Note that a mature mathematician or a world-changing jazz soloist need not be "wise" in the sense of a Taoist sage. The classical conception of wisdom has to do with making intelligent judgments based on large stores of experience in everyday human life. In the old days this was pretty much the only experience there was -- everyday human life plus various shamanic and psychedelic experiences.... But now the human world has become far more specialized, and it's possible to have a specialized wisdom, because it's possible to have a huge and rich store of episodic knowledge that's restricted to some special domain, like music or mathematics, or even a sufficiently complex game like Go or chess.

This vision of wisdom would seem to contradict Graham's, cited above -- he views wisdom as related to the ability to achieve goals over a broad variety of domains, in contract to intelligence which he conceives as a more narrowly domain-specialized intelligence.

But I don't think the contradiction is total.

I think that within a sufficiently rich and complex domain, one requires wisdom as I've defined it in order to achieve a really high level of intelligence. Learning skills and manipulating symbols is not enough. Direct and intelligent mining of massive experience-stores is needed.

I also think that wisdom, even if achieved initially and primarily within a certain domain, has a striking power to transcend domains.
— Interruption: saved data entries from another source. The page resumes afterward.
lemma sorted_orthonormal_eigenbasis:
  fixes J W :: "real mat"
  assumes sym: "symmetric_mat n J" and card: "card {e. eigenvalue J e} = n"
    and W: "W \<in> carrier_mat n n"
  obtains Q where "orth_mat n Q" "diagonal_mat (transpose_mat Q * J * Q)"
    "\<And>a b. a < n \<Longrightarrow> b < n \<Longrightarrow> a \<noteq> b \<Longrightarrow>
      (transpose_mat Q * J * Q) $$ (a, a) \<noteq> (transpose_mat Q * J * Q) $$ (b, b)"
    "\<And>a b. a \<le> b \<Longrightarrow> b < n \<Longrightarrow>
      (transpose_mat Q * W * Q) $$ (a, a) \<le> (transpose_mat Q * W * Q) $$ (b, b)"
proof -
  have J: "J \<in> carrier_mat n n" and Jt: "transpose_mat J = J"
    using sym unfolding symmetric_mat_def by auto
  define E where "E = {e. eigenvalue J e}"
  have "\<forall>e\<in>E. \<exists>u. u \<in> carrier_vec n \<and> u \<bullet> u = 1 \<and> J *\<^sub>v u = e \<cdot>\<^sub>v u"
    using unit_eigenvector[OF J] unfolding E_def by blast
  then obtain u where u: "\<And>e. e \<in> E \<Longrightarrow> u e \<in> carrier_vec n"
    "\<And>e. e \<in> E \<Longrightarrow> u e \<bullet> u e = 1" "\<And>e. e \<in> E \<Longrightarrow> J *\<^sub>v u e = e \<cdot>\<^sub>v u e"
    by metis
  \<comment> \<open>Listing the eigenvalues by increasing diagonal entry of W in the eigenbasis sorts those entries.\<close>
  define c where "c e = u e \<bullet> (W *\<^sub>v u e)" for e
  define L where "L = sort_key c (sorted_list_of_set E)"
  have "finite E" unfolding E_def by (rule finite_eigenvalues[OF J])
  hence L: "set L = E" "length L = n" "distinct L" "sorted (map c L)"
    unfolding L_def using card E_def by auto
  define Q where "Q = mat_of_cols n (map u L)"
  have Q: "orth_mat n Q"
    and D: "\<And>a b. a < n \<Longrightarrow> b < n \<Longrightarrow> (transpose_mat Q * J * Q) $$ (a, b) = (if a = b then L ! a else 0)"
    unfolding Q_def using eigenvector_cols_orth_diagonal[OF J Jt L(3,2)] u L(1) by auto
  have "diagonal_mat (transpose_mat Q * J * Q)"
    unfolding diagonal_mat_def using D orth_conj_carrier[OF Q J] by auto
  moreover have "(transpose_mat Q * W * Q) $$ (a, a) \<le> (transpose_mat Q * W * Q) $$ (b, b)"
    if "a \<le> b" "b < n" for a b
  proof -
    have vs: "set (map u L) \<subseteq> carrier_vec n" "length (map u L) = n" using u(1) L by auto
    have W_diag: "(transpose_mat Q * W * Q) $$ (a, a) = c (L ! a)" if "a < n" for a
    proof -
      have "(transpose_mat Q * W * Q) $$ (a, a) = map u L ! a \<bullet> (W *\<^sub>v map u L ! a)"
        unfolding Q_def by (rule mat_of_cols_conj_index[OF vs W that that])
      also have "\<dots> = c (L ! a)" unfolding c_def using that L(2) by simp
      finally show ?thesis .
    qed
    show ?thesis
      unfolding W_diag[OF le_less_trans[OF that]] W_diag[OF that(2)]
      using sorted_nth_mono[OF L(4) that(1)] that L(2) by simp
  qed
  ultimately show ?thesis using that Q D L(2,3) by (simp add: nth_eq_iff_index_eq)
qed

lemma diagonal_mat_diag_block_mat:
  assumes "\<And>A. A \<in> set As \<Longrightarrow> diagonal_mat A \<and> square_mat A"
  shows "diagonal_mat (diag_block_mat As)"
  using assms
proof (induction As)
  case (Cons A As)
  hence "diagonal_mat A" "dim_col A = dim_row A" "diagonal_mat (diag_block_mat As)" by auto
  moreover have "dim_col (diag_block_mat As) = dim_row (diag_block_mat As)"
    using Cons.prems diag_block_mat_square[of As] by auto
  ultimately show ?case unfolding diagonal_mat_def by (auto simp: Let_def)
qed (simp add: diagonal_mat_def)

lemma diag_mat_diag_block_mat:
  assumes "\<And>A. A \<in> set As \<Longrightarrow> square_mat A"
  shows "diag_mat (diag_block_mat As) = concat (map diag_mat As)"
  using assms
proof (induction As)
  case (Cons A As)
  have "dim_col (diag_block_mat As) = dim_row (diag_block_mat As)"
    using Cons.prems diag_block_mat_square[of As] by auto
  hence B: "diag_block_mat As \<in> carrier_mat (dim_row (diag_block_mat As)) (dim_row (diag_block_mat As))"
    by auto
  have A: "A \<in> carrier_mat (dim_row A) (dim_row A)" using Cons.prems by auto
  have "diag_mat (diag_block_mat As) = concat (map diag_mat As)" using Cons by simp
  thus ?case unfolding diag_block_mat.simps Let_def using diag_four_block_mat[OF A B] by simp
qed (simp add: diag_mat_def)

lemma square_mat_pow_two: "B \<in> carrier_mat n n \<Longrightarrow> B ^\<^sub>m 2 = B * (B :: 'a::semiring_1 mat)"
  by (simp add: numeral_2_eq_2)

lemma block_diag_square:
  assumes "admissible_blocks bs"
  shows "block_diag n bs * block_diag n bs = diag_block_mat
    (map (\<lambda>(w, A). (- (w * w)) \<cdot>\<^sub>m 1\<^sub>m (dim_row A)) bs @ [0\<^sub>m (n - block_size bs) (n - block_size bs)])"
proof -
  define r where "r = n - block_size bs"
  let ?Bs = "map (\<lambda>(w, A). w \<cdot>\<^sub>m A) bs @ [0\<^sub>m r r]"
  have A: "A \<in> carrier_mat (dim_row A) (dim_row A)" "A * A = - 1\<^sub>m (dim_row A)"
    if "(w, A) \<in> set bs" for w A
  proof -
    have "so_SO_block A" using assms that unfolding admissible_blocks_def by auto
    thus "A \<in> carrier_mat (dim_row A) (dim_row A)" "A * A = - 1\<^sub>m (dim_row A)"
      by (rule so_SO_blockD)+
  qed
  have sq: "Ball (set ?Bs) square_mat"
  proof
    fix B assume "B \<in> set ?Bs"
    then consider "B = 0\<^sub>m r r" | w A where "(w, A) \<in> set bs" "B = w \<cdot>\<^sub>m A" by auto
    thus "square_mat B"
    proof cases
      case (2 w A)
      have "dim_col A = dim_row A" using A(1)[OF 2(1)] by blast
      thus ?thesis using 2(2) by simp
    qed simp
  qed
  have square: "B ^\<^sub>m 2 = B * B" if "square_mat B" for B :: "real mat"
    by (rule square_mat_pow_two, rule carrier_matI[of B "dim_row B" "dim_row B"]) (use that in auto)
  have "block_diag n bs * block_diag n bs = diag_block_mat ?Bs ^\<^sub>m 2"
    using square[OF diag_block_mat_square[OF sq]] unfolding block_diag_def r_def by simp
  also have "\<dots> = diag_block_mat (map (\<lambda>B. B ^\<^sub>m 2) ?Bs)" by (rule diag_block_pow_mat[OF sq])
  also have "map (\<lambda>B. B ^\<^sub>m 2) ?Bs
    = map (\<lambda>(w, A). (- (w * w)) \<cdot>\<^sub>m 1\<^sub>m (dim_row A)) bs @ [0\<^sub>m r r]"
  proof -
    have "(w \<cdot>\<^sub>m A) ^\<^sub>m 2 = (- (w * w)) \<cdot>\<^sub>m 1\<^sub>m (dim_row A)" if "(w, A) \<in> set bs" for w A
    proof -
      have "dim_col A = dim_row A" using A(1)[OF that] by blast
      hence "(w \<cdot>\<^sub>m A) ^\<^sub>m 2 = (w \<cdot>\<^sub>m A) * (w \<cdot>\<^sub>m A)" by (intro square) simp
      also have "\<dots> = w \<cdot>\<^sub>m (w \<cdot>\<^sub>m (A * A))"
        unfolding mult_smult_assoc_mat[OF A(1)[OF that] smult_carrier_mat[OF A(1)[OF that]]]
          mult_smult_distrib[OF A(1)[OF that] A(1)[OF that]] ..
      also have "\<dots> = (- (w * w)) \<cdot>\<^sub>m 1\<^sub>m (dim_row A)"
        unfolding A(2)[OF that] by (rule eq_matI) auto
      finally show ?thesis .
    qed
    moreover have "(0\<^sub>m r r :: real mat) ^\<^sub>m 2 = 0\<^sub>m r r" by (subst square) simp_all
    ultimately show ?thesis by auto
  qed
  finally show ?thesis unfolding r_def .
qed

lemma block_diag_square_diagonal:
  assumes "admissible_blocks bs"
  shows "diagonal_mat (block_diag n bs * block_diag n bs)"
proof -
  define r where "r = n - block_size bs"
  show ?thesis
    unfolding block_diag_square[OF assms] r_def[symmetric]
    by (rule diagonal_mat_diag_block_mat) (auto simp: diagonal_mat_def)
qed

lemma block_diag_square_diag_mat:
  assumes "admissible_blocks bs"
  shows "diag_mat (block_diag n bs * block_diag n bs)
    = concat (map (\<lambda>(w, A). replicate (dim_row A) (- (w * w))) bs) @ replicate (n - block_size bs) 0"
proof -
  define r where "r = n - block_size bs"
  have scalar: "diag_mat (c \<cdot>\<^sub>m 1\<^sub>m d) = replicate d c" for c :: real and d
    by (rule nth_equalityI) (auto simp: diag_mat_def)
  have zero: "diag_mat (0\<^sub>m d d :: real mat) = replicate d 0" for d
    by (rule nth_equalityI) (auto simp: diag_mat_def)
  have "diag_mat (block_diag n bs * block_diag n bs) = concat (map diag_mat
    (map (\<lambda>(w, A). (- (w * w)) \<cdot>\<^sub>m 1\<^sub>m (dim_row A)) bs @ [0\<^sub>m r r]))"
    unfolding block_diag_square[OF assms] r_def[symmetric] by (rule diag_mat_diag_block_mat) auto
  also have "\<dots> = concat (map (\<lambda>(w, A). replicate (dim_row A) (- (w * w))) bs) @ replicate r 0"
    by (simp add: scalar zero split_def comp_def)
  finally show ?thesis unfolding r_def .
qed

lemma order_prod_list_linear:
  "order x (\<Prod>a\<leftarrow>xs. [:- a, 1:]) = count_list xs (x :: 'a::idom)"
proof (induction xs)
  case (Cons a xs)
  let ?P = "\<Prod>a\<leftarrow>xs. [:- a, 1:]"
  have P: "?P \<noteq> 0" unfolding prod_list_zero_iff by auto
  have lin: "[:- a, 1:] \<noteq> 0" by simp
  have "order x ([:- a, 1:] * ?P) = order x [:- a, 1:] + order x ?P"
    by (rule order_mult[OF no_zero_divisors[OF lin P]])
  moreover have "order x [:- a, 1:] = (if a = x then 1 else 0)"
    using order_power_n_n[of x 1] by (auto intro: order_0I)
  ultimately show ?case using Cons.IH by (simp only: list.map prod_list.Cons) simp
qed (simp add: order_0I)

lemma count_list_replicate: "count_list (replicate k a) x = (if a = x then k else 0)"
  by (induction k) auto

lemma count_list_concat: "count_list (concat xss) x = (\<Sum>xs\<leftarrow>xss. count_list xs x)"
  by (induction xss) auto

lemma admissible_blocks_pos:
  assumes "admissible_blocks bs" "(w, A) \<in> set bs"
  shows "w > 0" "dim_row A > 0"
  using assms so_SO_blockD(2) unfolding admissible_blocks_def by auto

lemma admissible_blocks_sum_dim:
  assumes "admissible_blocks bs" "(w, A) \<in> set bs"
  shows "(\<Sum>(w', A')\<leftarrow>bs. if w' = w then dim_row A' else 0) = dim_row A"
  using assms
proof (induction bs)
  case (Cons b bs)
  obtain w1 A1 where b: "b = (w1, A1)" by (cases b)
  have bs: "admissible_blocks bs" and w1: "w1 \<notin> fst ` set bs"
    using Cons.prems b unfolding admissible_blocks_def by auto
  show ?case
  proof (cases "w1 = w")
    case True
    hence "(w, A) \<notin> set bs" using w1 by force
    hence "A1 = A" using Cons.prems b True by simp
    moreover have "(\<Sum>(w', A')\<leftarrow>bs. if w' = w then dim_row A' else 0) = 0"
      using w1 True by (force simp: sum_list_eq_0_iff)
    ultimately show ?thesis using b True by simp
  next
    case False
    hence "(w, A) \<in> set bs" using Cons.prems b by auto
    thus ?thesis using Cons.IH bs False b by simp
  qed
qed simp

lemma admissible_blocks_mem_iff:
  assumes "admissible_blocks bs"
  shows "(w, d) \<in> set (map (\<lambda>(w, A). (w, dim_row A)) bs) \<longleftrightarrow>
    w > 0 \<and> d > 0 \<and> d = (\<Sum>(w', A)\<leftarrow>bs. if w' = w then dim_row A else 0)"
proof
  assume "(w, d) \<in> set (map (\<lambda>(w, A). (w, dim_row A)) bs)"
  then obtain A where "(w, A) \<in> set bs" "d = dim_row A" by auto
  thus "w > 0 \<and> d > 0 \<and> d = (\<Sum>(w', A)\<leftarrow>bs. if w' = w then dim_row A else 0)"
    using admissible_blocks_pos[OF assms] admissible_blocks_sum_dim[OF assms] by auto
next
  assume d: "w > 0 \<and> d > 0 \<and> d = (\<Sum>(w', A)\<leftarrow>bs. if w' = w then dim_row A else 0)"
  have "\<exists>A. (w, A) \<in> set bs"
  proof (rule ccontr)
    assume "\<nexists>A. (w, A) \<in> set bs"
    hence "(\<Sum>(w', A)\<leftarrow>bs. if w' = w then dim_row A else 0) = 0"
      by (force simp: sum_list_eq_0_iff)
    thus False using d by linarith
  qed
  then obtain A where A: "(w, A) \<in> set bs" ..
  thus "(w, d) \<in> set (map (\<lambda>(w, A). (w, dim_row A)) bs)"
    using d admissible_blocks_sum_dim[OF assms A] by force
qed

lemma diagonal_mat_upper_triangular:
  assumes "diagonal_mat A" "A \<in> carrier_mat n n"
  shows "upper_triangular A"
  using assms unfolding diagonal_mat_def upper_triangular_def by auto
There are a lot of universal patterns among large stores of stories, no matter what the domain.

But even if the wisdom achieved by a great mathematician or chess player or jazz soloist helps that person to intuitively understand the way things work in other domains, this won't necessarily lead them to practical greatness in these other domains -- great achievement seems to require a synthesis of wisdom with either cleverness or skillfulness, and in some domains (like math or jazz improvisation) all three.

Defined-Problem versus Contextual Intelligence

Next, what does all this have to do with artificial intelligence?

One of the lessons learned in the last few decades of AI practice is that there is a pretty big difference between:

  1. Defined-problem intelligence: Problem-solving that occurs "after a crisply-defined problem statement has been identified", versus
  2. Contextual intelligence: problem-solving that is mainly concerned with interpreting general goals in the context of a complex situation, and, "figuring out what the context-specific problem is, in the first place" -- i.e. figuring out what crisply-defined problem, if solved in the relevant context, is likely to work toward the general goals at hand

I think this might be a more useful and more precise distinction than the "narrow AI" versus "general AI" distinction that I've often made before. It's ultimately getting at the same thing, but it's putting the point in a better way, I think.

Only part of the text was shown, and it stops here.